Harrison, Commissioner Hodder, and Kettle Man ringing bells outside

Territorial Commander fulfills Spokane teen’s birthday wish

Commissioner Kenneth G. Hodder travels to Spokane to bell-ring with autistic teen.

Western Territorial Commander Commissioner Kenneth G. Hodder fulfilled 16-year-old Harrison Armstrong’s birthday wish when he traveled to Spokane, Washington, Dec. 16 to stand kettle with him. 

It began as a simple letter of request from the autistic teen, who turns 17 on Christmas Eve. He wrote to Hodder, asking if he would travel to Spokane to ring a bell with him at The Salvation Army’s red kettle. Armstrong is passionate about the Army and its work.

Stationed in Southern California, the Territorial Commander is typically fully booked overseeing The Salvation Army’s outreach and operations throughout the Western Territory. Hodder, however, made it happen. Touched by the letter, he decided to travel to Spokane, and on Dec. 16 he and Armstrong stood kettle together for an hour—12:30–1:30 p.m.—at the Wandermere Fred Meyer store. 

Commissioner Hodder and Harrison speaking together at kettle

“To receive a request like this was very special,” Hodder said. “Quite honestly, this has made my Christmas. When we received word about two weeks ago that he wanted me to come, I made sure that we changed all of our schedules to make it happen.”  

A junior at Ferris High School, Armstrong is active in The Salvation Army and has been ringing bells as a volunteer for years; his mother has been Spokane’s kettle coordinator for five years. Any time there’s a volunteer opportunity, Armstrong—and his parents—are there. He had already met Hodder twice before.

Hodder called Armstrong a “good friend” and said that “to see his mom and his dad, and all the wonderful people of the Spokane Corps—it’s been a special experience.”

Commissioner Hodder, Harrison, and child ringing kettle bells outside

Hodder emphasized that everyone can make a difference.

“Everyone has a role to play,” he said. Everyone can reach out to others. So, to see that Harrison was interested in ringing bells, and that I had an opportunity to do it with him, that’s what makes it special to me.” 

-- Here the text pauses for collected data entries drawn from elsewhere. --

(* If $G$ and $H$ are infinite, connected, locally finite graphs, then $\beta(G\,\Box\, H)=\infty$.
   Context: The cartesian product $G\Box H$ has vertex set $V(G)\times V(H)$, where $(a,v)$ is adjacent to $(b,w)$ iff either $a=b$ and $vw\in E(H)$, or $v=w$ and $ab\in E(G)$. $d$ denotes shortest-path distance. A vertex $x$ resolves $u,v$ if $d(u,x)\ne d(v,x)$; a set of vertices is a resolving set if every pair of distinct vertices is resolved by some vertex of it. The metric dimension $\beta$ is the minimum cardinality of a resolving set if a finite one exists, and $\infty$ otherwise. *)

theory Defs
  imports Main "HOL-Library.Extended_Nat"
begin

definition graph :: "'a set \<Rightarrow> ('a \<Rightarrow> 'a \<Rightarrow> bool) \<Rightarrow> bool" where
  "graph V E \<longleftrightarrow> (\<forall>u v. E u v \<longrightarrow> u \<in> V \<and> v \<in> V) \<and> (\<forall>u v. E u v \<longrightarrow> E v u) \<and> (\<forall>v. \<not> E v v)"

definition walk_of_length :: "('a \<Rightarrow> 'a \<Rightarrow> bool) \<Rightarrow> nat \<Rightarrow> 'a \<Rightarrow> 'a \<Rightarrow> bool" where
  "walk_of_length E n u v \<longleftrightarrow>
     (\<exists>xs. length xs = Suc n \<and> xs ! 0 = u \<and> xs ! n = v \<and> (\<forall>i<n. E (xs ! i) (xs ! Suc i)))"

definition dist :: "('a \<Rightarrow> 'a \<Rightarrow> bool) \<Rightarrow> 'a \<Rightarrow> 'a \<Rightarrow> enat" where
  "dist E u v = (if \<exists>n. walk_of_length E n u v then enat (LEAST n. walk_of_length E n u v) else \<infinity>)"

definition connected_graph :: "'a set \<Rightarrow> ('a \<Rightarrow> 'a \<Rightarrow> bool) \<Rightarrow> bool" where
  "connected_graph V E \<longleftrightarrow> (\<forall>u\<in>V. \<forall>v\<in>V. \<exists>n. walk_of_length E n u v)"

definition locally_finite :: "'a set \<Rightarrow> ('a \<Rightarrow> 'a \<Rightarrow> bool) \<Rightarrow> bool" where
  "locally_finite V E \<longleftrightarrow> (\<forall>v\<in>V. finite {w. E v w})"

Spokane Citadel Corps Officer Major Ken Perine said it was “pretty amazing” that Hodder would take the time to fulfill Harrison’s request.

man donating to red kittle

“It’s a very special day to see Harrison’s wish come true and to see the Commissioner take time out of his very busy schedule to come all the way up to Spokane just to spend time with Harrison,” Perine said.

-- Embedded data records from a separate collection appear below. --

(* The set of limsup functions $X \to \mathbb{R}$ is the smallest collection $\mathcal{C}$ of functions $X \to \mathbb{R}$ such that (a) $\mathcal{C}$ contains all lower semicontinuous functions $X \to \mathbb{R}$, and (b) $\mathcal{C}$ is closed under pointwise limits from above, i.e. whenever $f_0 \ge f_1 \ge \cdots$ are in $\mathcal{C}$ and converge pointwise to a function $f : X \to \mathbb{R}$, then $f \in \mathcal{C}$.
   Context: Let $A$ be a non-empty countable set and $T$ a pruned tree on $A$ (a set of finite sequences of elements of $A$, closed under initial segments, in which every sequence has a proper extension in $T$). Let $X$ be the set of infinite branches of $T$, with the topology generated by the cylinder sets $O(s) = \{x \in X : s \text{ is an initial segment of } x\}$, $s \in T$. A function $f : X \to \mathbb{R}$ is a limsup function if there exists $u : T \to \mathbb{R}$ with $f(x) = \limsup_{t\to\infty} u(x_0,\dots,x_t)$ for every $x \in X$. *)

theory Defs
  imports "HOL-Analysis.Analysis" "HOL-Library.Liminf_Limsup"
begin

text \<open>Finite sequences are lists; the initial segment of length n of an
  infinite sequence x :: nat => 'a is map x [0..<n].\<close>

definition pruned_tree :: "'a set \<Rightarrow> 'a list set \<Rightarrow> bool" where
  "pruned_tree A T \<longleftrightarrow> T \<subseteq> lists A
     \<and> (\<forall>s\<in>T. \<forall>n. take n s \<in> T)
     \<and> (\<forall>s\<in>T. \<exists>s'\<in>T. length s < length s' \<and> take (length s) s' = s)"

definition branches :: "'a list set \<Rightarrow> (nat \<Rightarrow> 'a) set" where
  "branches T = {x. \<forall>n. map x [0..<n] \<in> T}"

definition cyl :: "'a list set \<Rightarrow> 'a list \<Rightarrow> (nat \<Rightarrow> 'a) set" where
  "cyl T s = {x \<in> branches T. map x [0..<length s] = s}"

definition branch_topology :: "'a list set \<Rightarrow> (nat \<Rightarrow> 'a) topology" where
  "branch_topology T = topology_generated_by (cyl T ` T)"

definition lower_semicont :: "'b topology \<Rightarrow> ('b \<Rightarrow> real) \<Rightarrow> bool" where
  "lower_semicont Y f \<longleftrightarrow> (\<forall>c. openin Y {x \<in> topspace Y. c < f x})"

text \<open>Functions X -> R are represented as extensional functions on X (value undefined off X).\<close>

definition limsup_function :: "'a list set \<Rightarrow> ((nat \<Rightarrow> 'a) \<Rightarrow> real) \<Rightarrow> bool" where
  "limsup_function T f \<longleftrightarrow> (\<exists>u :: 'a list \<Rightarrow> real. \<forall>x\<in>branches T.
      ereal (f x) = limsup (\<lambda>t. ereal (u (map x [0..<Suc t]))))"

definition good_collection :: "'a list set \<Rightarrow> ((nat \<Rightarrow> 'a) \<Rightarrow> real) set \<Rightarrow> bool" where
  "good_collection T C \<longleftrightarrow>
     C \<subseteq> branches T \<rightarrow>\<^sub>E (UNIV :: real set)
   \<and> (\<forall>f \<in> branches T \<rightarrow>\<^sub>E (UNIV :: real set).
        lower_semicont (branch_topology T) f \<longrightarrow> f \<in> C)
   \<and> (\<forall>(fs :: nat \<Rightarrow> (nat \<Rightarrow> 'a) \<Rightarrow> real) f.
        (\<forall>n. fs n \<in> C) \<and> (\<forall>n. \<forall>x\<in>branches T. fs (Suc n) x \<le> fs n x)
        \<and> f \<in> branches T \<rightarrow>\<^sub>E (UNIV :: real set)
        \<and> (\<forall>x\<in>branches T. (\<lambda>n. fs n x) \<longlonglongrightarrow> f x)
        \<longrightarrow> f \<in> C)"

end

theory Submission
  imports Defs
begin

text \<open>Both inclusions pass through the functions f that are pointwise infima of sequences of
  lower semicontinuous functions h k : X \<rightarrow> [-\<infinity>, \<infinity>]. This class contains the lower semicontinuous
  functions and is closed under decreasing limits, since an infimum of countably many such infima
  is again one. A limsup function is the infimum of its tail suprema, which are lower
  semicontinuous (they only look at finite initial segments); being finite and decreasing to f,
  they also show that every limsup function lies in any collection satisfying (a) and (b).

  Conversely, let f = inf h k with h k lower semicontinuous and decreasing. For each rational q,
  count along a branch the largest level m for which the current cylinder satisfies h m > q. By
  lower semicontinuity this counter is unbounded when q < f x, while a counter reaching level M + 1
  forces q < h M x. Letting u(s) be the largest rational whose counter increases at s (among those
  whose code in an enumeration of the rationals is below their counter) turns "the counter of q is
  unbounded" into "u \<ge> q infinitely often", so that limsup u = f.\<close>

section \<open>Counters and limits superior of real sequences\<close>

lemma mono_nat_crossing:
  fixes g :: "nat \<Rightarrow> nat"
  assumes "mono g" "g N \<le> K" "K < g n"
  shows "\<exists>t\<ge>N. g t \<le> K \<and> K < g (Suc t)"
proof -
  define m where "m = (LEAST m. K < g m)"
  have "K < g m"
    unfolding m_def by (rule LeastI) (rule assms(3))
  have "N < m"
  proof (rule ccontr)
    assume "\<not> N < m"
    then have "g m \<le> g N"
      using monoD[OF assms(1)] by simp
    with \<open>K < g m\<close> assms(2) show False
      by simp
  qed
  then obtain t where "m = Suc t" "N \<le> t"
    by (cases m) auto
  moreover have "g t \<le> K"
    using not_less_Least[of t "\<lambda>m. K < g m"] \<open>m = Suc t\<close> m_def by simp
  ultimately show ?thesis
    using \<open>K < g m\<close> by blast
qed

lemma mono_nat_unbounded_if_frequently_increasing:
  fixes g :: "nat \<Rightarrow> nat"
  assumes "mono g" "\<exists>\<^sub>F t in sequentially. g t < g (Suc t)"
  shows "\<exists>n. M \<le> g n"
proof (induction M)
  case (Suc M)
  then obtain n where n: "M \<le> g n" by blast
  from assms(2) obtain t where "n \<le> t" "g t < g (Suc t)"
    unfolding frequently_sequentially by blast
  with n monoD[OF assms(1), of n t] show ?case by (intro exI[of _ "Suc t"]) simp
qed simp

Together, Armstrong and Hodder raised $434.94 in the one hour they rang the bell.

Armstrong said he had a good time.

Commissioner Hodder and Harrison ringing at the kettle


“We had fun; we rang together,” he said. “I’m glad he came. I want to say thank you to the Commissioner.”

Meanwhile, Hodder counted it a privilege to ring the bell with Armstrong. 

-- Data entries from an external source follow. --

lemma Y_Y_in_span_modes: "Y u a (Y v b w) \<in> span (modes w)"
proof -
  obtain N where N: "\<And>n. n \<ge> N \<Longrightarrow> Y v n w = 0"
    using truncation by blast
  show ?thesis
  proof (induction "nat (N - b)" arbitrary: a b rule: less_induct)
    case less
    show ?case
    proof (cases "b \<ge> N")
      case True
      then show ?thesis by (simp add: N span_zero)
    next
      case False
      define t where "t i = Y u (a - int i) (Y v (b + int i) w)" for i
      define K where "K = nat (N - b)"
      obtain c where "c 0 = 1" and c: "fsum (\<lambda>i. sc (c i) (t i)) \<in> span (modes w)"
        unfolding t_def using weighted_modes_sum_in_span by blast
      have "fsum (\<lambda>i. sc (c i) (t i)) = (\<Sum>i<K. sc (c i) (t i))"
        by (rule fsum_eq_sum_lessThan) (simp add: t_def K_def N)
      also have "\<dots> = t 0 + (\<Sum>i\<in>{1..<K}. sc (c i) (t i))"
        using False \<open>c 0 = 1\<close> by (simp add: K_def lessThan_atLeast0 sum.atLeast_Suc_lessThan)
      finally have t0: "t 0 = fsum (\<lambda>i. sc (c i) (t i)) - (\<Sum>i\<in>{1..<K}. sc (c i) (t i))"
        by (simp add: algebra_simps)
      have "t i \<in> span (modes w)" if "i \<ge> 1" for i
        unfolding t_def using False that by (intro less) auto
      then have "(\<Sum>i\<in>{1..<K}. sc (c i) (t i)) \<in> span (modes w)"
        by (intro span_sum span_scale) auto
      with c t0 have "t 0 \<in> span (modes w)"
        by (simp add: span_diff)
      then show ?thesis by (simp add: t_def)
    qed
  qed
qed

lemma Y_span_modes: "x \<in> span (modes w) \<Longrightarrow> Y u a x \<in> span (modes w)"
proof -
  interpret Vector_Spaces.linear sc sc "Y u a" by (rule linear_Y)
  have "span (modes w) \<subseteq> {x. Y u a x \<in> span (modes w)}"
  proof (rule span_minimal)
    show "modes w \<subseteq> {x. Y u a x \<in> span (modes w)}"
      using Y_Y_in_span_modes by blast
  qed (simp add: subspace_linear_preimage)
  then show "x \<in> span (modes w) \<Longrightarrow> Y u a x \<in> span (modes w)" by blast
qed

end

text \<open>A subspace \<open>S\<close> is graded by \<open>G\<close> iff \<open>S \<subseteq> homogeneous_sums G S\<close>.\<close>

definition homogeneous_sums :: "(nat \<Rightarrow> 'a set) \<Rightarrow> 'a set \<Rightarrow> 'a::comm_monoid_add set" where
  "homogeneous_sums G S =
     {x. \<exists>f. (\<forall>i. f i \<in> G i \<inter> S) \<and> finite {i. f i \<noteq> 0} \<and> x = sum f {i. f i \<noteq> 0}}"

lemma sum_in_homogeneous_sums:
  assumes "finite A" "\<And>i. i \<in> A \<Longrightarrow> f i \<in> G i \<inter> S" "\<And>i. 0 \<in> G i \<inter> S"
  shows "sum f A \<in> homogeneous_sums G S"
proof -
  define g where "g i = (if i \<in> A then f i else 0)" for i
  have supp: "{i. g i \<noteq> 0} \<subseteq> A"
    by (auto simp: g_def)
  have "sum f A = sum g A"
    by (simp add: g_def)
  also have "\<dots> = sum g {i. g i \<noteq> 0}"
    by (rule sum.mono_neutral_right[OF \<open>finite A\<close> supp]) auto
  finally show ?thesis
    unfolding homogeneous_sums_def using assms supp
    by (intro CollectI exI[of _ g]) (auto simp: g_def intro: finite_subset)
qed

lemma (in vector_space) subspace_homogeneous_sums:
  assumes G: "\<And>i. subspace (G i)" and S: "subspace S"
  shows "subspace (homogeneous_sums G S)"
proof -
  have zero: "0 \<in> G i \<inter> S" for i
    using G S by (simp add: subspace_0)
  show ?thesis
  proof (rule subspaceI)
    show "0 \<in> homogeneous_sums G S"
      using sum_in_homogeneous_sums[of "{}" "\<lambda>_. 0" G S] zero by simp
  next
    fix x y assume "x \<in> homogeneous_sums G S" "y \<in> homogeneous_sums G S"
    then obtain f g where f: "\<forall>i. f i \<in> G i \<inter> S" "finite {i. f i \<noteq> 0}" "x = sum f {i. f i \<noteq> 0}"
      and g: "\<forall>i. g i \<in> G i \<inter> S" "finite {i. g i \<noteq> 0}" "y = sum g {i. g i \<noteq> 0}"
      unfolding homogeneous_sums_def by blast
    define A where "A = {i. f i \<noteq> 0} \<union> {i. g i \<noteq> 0}"
    have "finite A" using f g by (simp add: A_def)
    have "x + y = (\<Sum>i\<in>A. f i + g i)"
      unfolding sum.distrib f(3) g(3) A_def using f(2) g(2)
      by (intro arg_cong2[where f = "(+)"] sum.mono_neutral_left) auto
    also have "\<dots> \<in> homogeneous_sums G S"
      using \<open>finite A\<close> f(1) g(1) zero G S by (intro sum_in_homogeneous_sums) (auto simp: subspace_add)
    finally show "x + y \<in> homogeneous_sums G S" .
  next
    fix c x assume "x \<in> homogeneous_sums G S"
    then obtain f where f: "\<forall>i. f i \<in> G i \<inter> S" "finite {i. f i \<noteq> 0}" "x = sum f {i. f i \<noteq> 0}"
      unfolding homogeneous_sums_def by blast
    have "scale c x = (\<Sum>i\<in>{i. f i \<noteq> 0}. scale c (f i))"
      by (simp add: f(3) scale_sum_right)
    also have "\<dots> \<in> homogeneous_sums G S"
      using f zero G S by (intro sum_in_homogeneous_sums) (auto simp: subspace_scale)
    finally show "scale c x \<in> homogeneous_sums G S" .
  qed
qed

lemma homogeneous_in_homogeneous_sums:
  assumes "x \<in> G d" "x \<in> S" "\<And>i. 0 \<in> G i \<inter> S"
  shows "x \<in> homogeneous_sums G S"
  using sum_in_homogeneous_sums[of "{d}" "\<lambda>_. x" G S] assms by simp

lemma is_Nmod_vertex_action: "is_Nmod V M \<Longrightarrow> vertex_action (msc M) (vY V) (mY M)"
  unfolding is_Nmod_def vertex_action_def vertex_action_axioms_def by blast

lemma is_Nmod_mode_homogeneous:
  assumes "is_Nmod V M" "u \<in> vgr V k" "w \<in> mgr M j"
  shows "\<exists>d. mY M u m w \<in> mgr M d"
proof -
  have "vector_space (msc M)" and "module.subspace (msc M) (mgr M 0)"
    using assms(1) unfolding is_Nmod_def direct_sum_decomp_def by blast+
  then have "0 \<in> mgr M 0"
    by (metis module.subspace_0 module_iff_vector_space)
  moreover have "if int j + k - m - 1 \<ge> 0 then mY M u m w \<in> mgr M (nat (int j + k - m - 1))
                 else mY M u m w = 0"
    using assms unfolding is_Nmod_def by blast
  ultimately show ?thesis
    by (metis (full_types))
qed

lemma span_modes_is_submod:
  assumes V: "is_voa V" and P: "is_Nmod V P" and p: "p \<in> mgr P j"
  shows "is_submod P (module.span (msc P) {mY P v n p | v n. True})"
    (is "is_submod P ?S")
proof -
  interpret vertex_action "msc P" "vY V" "mY P"
    using P by (rule is_Nmod_vertex_action)
  have grading: "\<And>i. subspace (mgr P i)"
    using P unfolding is_Nmod_def direct_sum_decomp_def by blast
  then have zero_homogeneous: "0 \<in> mgr P i \<inter> ?S" for i
    by (simp add: subspace_0 span_zero)
  have "mY P v m p \<in> homogeneous_sums (mgr P) ?S" for v m
  proof -
    obtain f where f: "\<forall>k. f k \<in> vgr V k" "v = sum f {k. f k \<noteq> 0}"
      using V unfolding is_voa_def direct_sum_decomp_def by metis
    interpret mode: Vector_Spaces.linear "vsc V" "msc P" "\<lambda>u. mY P u m p"
      using P unfolding is_Nmod_def by blast
    have "mY P v m p = (\<Sum>k\<in>{k. f k \<noteq> 0}. mY P (f k) m p)"
      unfolding f(2) by (rule mode.sum)
    also have "\<dots> \<in> homogeneous_sums (mgr P) ?S"
    proof (intro subspace_sum subspace_homogeneous_sums grading)
      fix k
      obtain d where "mY P (f k) m p \<in> mgr P d"
        using is_Nmod_mode_homogeneous[OF P spec[OF f(1), of k] p] by blast
      then show "mY P (f k) m p \<in> homogeneous_sums (mgr P) ?S"
        by (rule homogeneous_in_homogeneous_sums[OF _ span_base zero_homogeneous]) auto
    qed simp
    finally show ?thesis .
  qed
  then have "?S \<subseteq> homogeneous_sums (mgr P) ?S"
    by (intro span_minimal subspace_homogeneous_sums grading) auto
  then show ?thesis
    unfolding is_submod_def homogeneous_sums_def using Y_span_modes by auto
qed

lemma span_nonnegative_modes_subset_kernel:
  assumes V: "is_voa V" and hom: "is_vhom P (adjoint_mod V) \<rho>" and "\<rho> p = vac V"
  shows "module.span (msc P) {mY P v (int n) p | v n. True} \<subseteq> {x. \<rho> x = 0}"
proof -
  interpret \<rho>: Vector_Spaces.linear "msc P" "vsc V" \<rho>
    using hom unfolding is_vhom_def adjoint_mod_def by simp
  have "\<rho> (mY P v (int n) p) = 0" for v n
    using hom V \<open>\<rho> p = vac V\<close> unfolding is_vhom_def adjoint_mod_def is_voa_def by simp
  then show ?thesis
    by (intro \<rho>.vs1.span_minimal \<rho>.subspace_kernel) auto
qed

lemma kernel_subset_span_nonnegative_modes:
  assumes V: "is_voa V" and P: "is_Nmod V P"
    and hom: "is_vhom P (adjoint_mod V) \<rho>" and "\<rho> p = vac V"
    and generated: "module.span (msc P) {mY P v n p | v n. True} = UNIV"
  shows "{x. \<rho> x = 0} \<subseteq> module.span (msc P) {mY P v (int n) p | v n. True}"
    (is "_ \<subseteq> ?W")
proof -
  interpret vertex_action "msc P" "vY V" "mY P"
    using P by (rule is_Nmod_vertex_action)
  interpret PP: vector_space_pair "msc P" "msc P" ..
  have lin_\<rho>: "Vector_Spaces.linear (msc P) (vsc V) \<rho>"
    and \<rho>_mode: "\<And>v n. \<rho> (mY P v n p) = vY V v n (vac V)"
    using hom \<open>\<rho> p = vac V\<close> unfolding is_vhom_def adjoint_mod_def by simp_all
  interpret mode: Vector_Spaces.linear "vsc V" "msc P" "\<lambda>u. mY P u (-1) p"
    using P unfolding is_Nmod_def by blast
  define \<phi> where "\<phi> x = x - mY P (\<rho> x) (-1) p" for x
  have "Vector_Spaces.linear (msc P) (msc P) \<phi>"
    unfolding \<phi>_def using Vector_Spaces.linear_compose[OF lin_\<rho> mode.linear_axioms]
    by (intro PP.linear_compose_sub linear_ident) (simp add: o_def)
  then have "subspace {x. \<phi> x \<in> ?W}"
    by (simp add: PP.linear_subspace_linear_preimage)
  moreover have "\<phi> (mY P v m p) \<in> ?W" for v m
  proof (cases "m \<ge> 0")
    case True
    then have "mY P v m p \<in> ?W"
      by (intro span_base CollectI exI[of _ v] exI[of _ "nat m"]) simp
    then show ?thesis
      using True V by (simp add: \<phi>_def \<rho>_mode is_voa_def mode.zero)
  next
    case False
    have "mY P (vY V v m (vac V)) (-1) p = mY P v m p"
      using False P unfolding is_Nmod_def by (intro Y_vacuum_mode) auto
    then show ?thesis
      by (simp add: \<phi>_def \<rho>_mode span_zero)
  qed
  ultimately have "UNIV \<subseteq> {x. \<phi> x \<in> ?W}"
    unfolding generated[symmetric] by (intro span_minimal) auto
  then have \<phi>_in_W: "\<phi> x \<in> ?W" for x
    by blast
  show ?thesis
  proof
    fix x assume "x \<in> {x. \<rho> x = 0}"
    then have "\<phi> x = x"
      by (simp add: \<phi>_def mode.zero)
    then show "x \<in> ?W"
      using \<phi>_in_W[of x] by simp
  qed
qed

“I have never received any request like this in my life,” he said. “It makes me feel very special to have received one.” 

To Northwest Divisional Commander Lt. Colonel Bill Dickinson, this event epitomized the spirit of Christmas.

Commissioner Hodder, Harrison, Kettle Man, and Lt. Colonel Bill Dickinson at kettle


“I’ve never seen anything like this,” Dickinson said. “The message of Christmas is to give to others. We’ve seen it in Harrison who’s volunteered for The Salvation Army, who does countless hours and gives of his time and all that he is to help and serve other people. And we see it in our Commissioner today, who’s traveled all this way to give a special gift to Harrison. [Commissioner Hodder] is a servant leader. We can have a good example in that. Merry Christmas.”